Было приятно отдавать такие приказы, несмотря на то, что позже, откинувшись на подушки и вновь погружаясь в перины, было уже не так приятно опять почувствовать себя одиноким и совершенно опустошенным этим последним усилием. Он был все еще слаб два дня спустя, когда его уложили на носилки, заботливо прикрыли медвежьей шкурой, снесли по лестнице во двор (несмотря на все предосторожности спуск оказался мучительным) чтобы перевезти на пирс. Покрытый брезентом тяжелогруженый фургон всю дорогу скрипел и стонал позади носилок; из-под брезента высунулась и свесилась поверх борта обнаженная человеческая рука. Браун, который приглядывал за перевозкой носилок, попытался загородить это зрелище от Хорнблауэра своей плотной фигурой, но было уже поздно.

— Полагаю, это фургон из мертвецкой, — как можно более безразличным тоном бросил Хорнлауэр; несмотря на весь ужас подобного зрелища, неплохо дать понять Брауну, что он не такой уж ловкий и догадливый, каким хочет казаться.

— Да, сэр — ответил Браун, — люди все еще мрут тысячами.

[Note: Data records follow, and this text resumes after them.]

text \<open>The dependence of a circuit involves \<open>H\<close> with a nonzero coefficient, so the indicator
  of \<open>H\<close> is a combination of the indicators of the other members, which are constant on every
  block and vanish outside the first \<open>k - 1\<close> blocks.\<close>
lemma circuit_member_in_block_union_image:
  assumes C: "is_circuit n C" and H: "H \<in> C" and S: "S \<subseteq> Pow {1..k-1}"
    and rest: "C - {H} = block_union \<pi> ` S"
  shows "H \<in> block_union \<pi> ` Pow {1..k-1}"
proof -
  obtain c where c: "\<exists>I\<in>C. c I \<noteq> 0" "\<forall>j. (\<Sum>I\<in>C. c I * normal_vec I j) = 0"
    using C unfolding is_circuit_def lin_dep_def by blast
  have cH: "c H \<noteq> 0" using circuit_coeff_nonzero[OF C H c(2,1)] .
  define g where "g j = (\<Sum>L\<in>S. c (block_union \<pi> L) * normal_vec (block_union \<pi> L) j)" for j
  have "(\<Sum>I\<in>C. c I * normal_vec I j) = c H * normal_vec H j + g j" for j
    unfolding sum.remove[OF finite_circuit[OF C] H] rest g_def
    using inj_on_subset[OF inj_on_block_union S] by (simp add: sum.reindex)
  hence dependence: "c H * normal_vec H j + g j = 0" for j using c(2) by simp
  have H_iff: "j \<in> H \<longleftrightarrow> g j \<noteq> 0" for j
    using dependence[of j] cH by (cases "j \<in> H") (simp_all add: normal_vec_def)
  have g_block: "g j = (\<Sum>L\<in>S. c (block_union \<pi> L) * normal_vec L l)"
    if "l \<in> {1..k-1}" "j \<in> block \<pi> l" for l j
    unfolding g_def using sum_normal_vec_block_union[OF S that] .
  show ?thesis
  proof (rule block_union_imageI)
    show "H \<subseteq> block_union \<pi> {1..k-1}"
    proof
      fix j assume "j \<in> H"
      show "j \<in> block_union \<pi> {1..k-1}"
      proof (rule ccontr)
        assume "j \<notin> block_union \<pi> {1..k-1}"
        hence "g j = 0" unfolding g_def by (rule sum_normal_vec_block_union_outside[OF S])
        thus False using H_iff \<open>j \<in> H\<close> by simp
      qed
    qed
    show "\<forall>l\<in>{1..k-1}. block \<pi> l \<inter> H \<noteq> {} \<longrightarrow> block \<pi> l \<subseteq> H"
    proof (intro ballI impI subsetI)
      fix l j assume l: "l \<in> {1..k-1}" and "block \<pi> l \<inter> H \<noteq> {}" and j: "j \<in> block \<pi> l"
      then obtain j' where j': "j' \<in> block \<pi> l" "j' \<in> H" by blast
      have "g j = g j'" using g_block[OF l j] g_block[OF l j'(1)] by simp
      thus "j \<in> H" using H_iff j'(2) by simp
    qed
  qed
qed

lemma is_broken_circuit_block_union_iff:
  assumes S: "S \<subseteq> Pow {1..k-1}"
  shows "is_broken_circuit n (block_union \<pi> ` S) \<longleftrightarrow> is_broken_circuit (k-1) S"
proof
  assume "is_broken_circuit n (block_union \<pi> ` S)"
  then obtain C H where C: "is_circuit n C" and H: "H \<in> C"
    and max: "\<forall>H'\<in>C. bin_code H' \<le> bin_code H" and rest: "block_union \<pi> ` S = C - {H}"
    unfolding is_broken_circuit_def by blast
  obtain L where L: "L \<subseteq> {1..k-1}" and HL: "H = block_union \<pi> L"
    using circuit_member_in_block_union_image[OF C H S rest[symmetric]] by blast
  have C_eq: "C = block_union \<pi> ` insert L S" using rest H HL by auto
  have S': "insert L S \<subseteq> Pow {1..k-1}" using S L by blast
  have "L \<notin> S" using rest HL by auto
  moreover have "is_circuit (k-1) (insert L S)"
    using C is_circuit_block_union_iff[OF S'] C_eq by simp
  moreover have "bin_code M \<le> bin_code L" if "M \<in> insert L S" for M
  proof -
    have M: "M \<subseteq> {1..k-1}" using S' that by blast
    have "bin_code (block_union \<pi> M) \<le> bin_code (block_union \<pi> L)"
      using max that unfolding C_eq HL by blast
    thus ?thesis using bin_code_block_union_le_iff[OF M L] by simp
  qed
  ultimately show "is_broken_circuit (k-1) S"
    unfolding is_broken_circuit_def by (intro exI[of _ "insert L S"] exI[of _ L]) auto
next
  assume "is_broken_circuit (k-1) S"
  then obtain C H where C: "is_circuit (k-1) C" and H: "H \<in> C"
    and max: "\<forall>H'\<in>C. bin_code H' \<le> bin_code H" and rest: "S = C - {H}"
    unfolding is_broken_circuit_def by blast
  have C_sub: "C \<subseteq> Pow {1..k-1}" using C unfolding is_circuit_def is_hyperplane_def by blast
  have "block_union \<pi> ` S = block_union \<pi> ` C - {block_union \<pi> H}"
    unfolding rest using inj_on_image_set_diff[OF inj_on_subset[OF inj_on_block_union C_sub]] H
    by auto
  moreover have "is_circuit n (block_union \<pi> ` C)"
    using C is_circuit_block_union_iff[OF C_sub] by simp
  moreover have "bin_code (block_union \<pi> M) \<le> bin_code (block_union \<pi> H)" if "M \<in> C" for M
    using bin_code_block_union_le_iff[of M H] max C_sub that H by blast
  ultimately show "is_broken_circuit n (block_union \<pi> ` S)"
    unfolding is_broken_circuit_def using H by blast
qed

end

theorem proposition5p1:
  fixes i k n :: nat and f :: "nat \<Rightarrow> nat set" and \<pi> :: "nat set set"
  assumes "i \<ge> 1" and "i + 1 \<le> k" and "k \<le> 2 ^ i"
    and "is_prototype i k f"
    and "n \<ge> 1" and "is_partition_k {1..n+1} k \<pi>"
    and "is_broken_circuit n (A_hyps f i k \<pi>)"
  shows "\<forall>n' \<pi>'. n' \<ge> 1 \<longrightarrow> is_partition_k {1..n'+1} k \<pi>' \<longrightarrow>
           is_broken_circuit n' (A_hyps f i k \<pi>')"
proof (intro allI impI)
  fix n' \<pi>' assume "is_partition_k {1..n'+1} k \<pi>'"
  interpret old: ordered_partition n k \<pi> by (rule ordered_partition.intro) fact
  interpret new: ordered_partition n' k \<pi>' by (rule ordered_partition.intro) fact
  define B where "B = building_block f k ` {1..i}"
  have A_hyps_eq: "A_hyps f i k \<rho> = block_union \<rho> ` B" for \<rho>
    unfolding A_hyps_def A_set_def block_union_def B_def by auto
  have B: "B \<subseteq> Pow {1..k-1}" unfolding B_def building_block_def by blast
  have "is_broken_circuit (k-1) B"
    using assms(7) old.is_broken_circuit_block_union_iff[OF B] A_hyps_eq by simp
  thus "is_broken_circuit n' (A_hyps f i k \<pi>')"
    using new.is_broken_circuit_block_union_iff[OF B] A_hyps_eq by simp
qed

end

Фримену пришлось расширить кормовой люк и убрать часть релинга, чтобы осторожно поднять носилки с коммодором на борт при помощи талей и после аккуратно опустить их под палубу. Хорнблауэр пережил довольно неприятный момент, когда носилки, поднятые с пирса раскачивались в воздухе и, очутившись наконец в тепле и безопасности каюты, почувствовал необыкновенное удовольствие от того, что может просто улечься поудобнее, не забивая себе голову хлопотами, связанными с проведением официальной церемонии прощания. Возбуждение отнимало у него силы, но он все же не мог удержаться от чувства радостного ожидания, почувствовав толчок, когда «Клэм» отошел от пирса и начал медленно продвигаться к выходу из гавани. Юго-западный ветер был не слишком удобен для того, чтобы миновав Пиллау, выйти в открытое море; лежа на койке Хорнблауэр отмечал каждое изменение курса тендера, который чередовал длинные галсы с короткими, осторожно пробираясь по узкому фарватеру. Боновое заграждение, преграждающее вход в бухту, тот самый бон, по которому он карабкался в темноте когда-то так давно — казалось, что в другой жизни — теперь был убран, поскольку Пруссия стала союзницей Англии, так что «Клэм» смог выйти из бухты еще до темноты и начать свой длинный путь через всю Балтику. Пусть даже если ветер не изменится на более благоприятный и придется суток двое потерять у Мальме, чтобы дождаться его попутного порыва, достаточного, чтобы «Клэм» проскочил через Зунд — Хорнблауэр запретил себе тревожиться по этому поводу. Теперь шведы — верные союзники Англии, а значит, при проходе пролива будет безопасно держаться шведского берега. Когда тендер проходил Скоу, Хорнблауэр уже настолько окреп, что, осторожно поддерживаемый Брауном, смог подняться на верхнюю палубу, где его усадили на стульчик. Закутанный в медвежью шкуру, он радовался этому холодному зимнему дню и улыбался исподтишка, видя волнение Маунда, который вынужден был управлять своим кораблем прямо на глазах у коммодора. За мысом Скоу их ожидал штормовой северный ветер, несущий холод с мрачных сопок Норвегии; подгоняемый им маленький тендер спешил домой, под тройными рифами на парусах. Прежде чем этот шторм выдохся, он позволил им сэкономить почти полдня и значительно продвинуться к западу.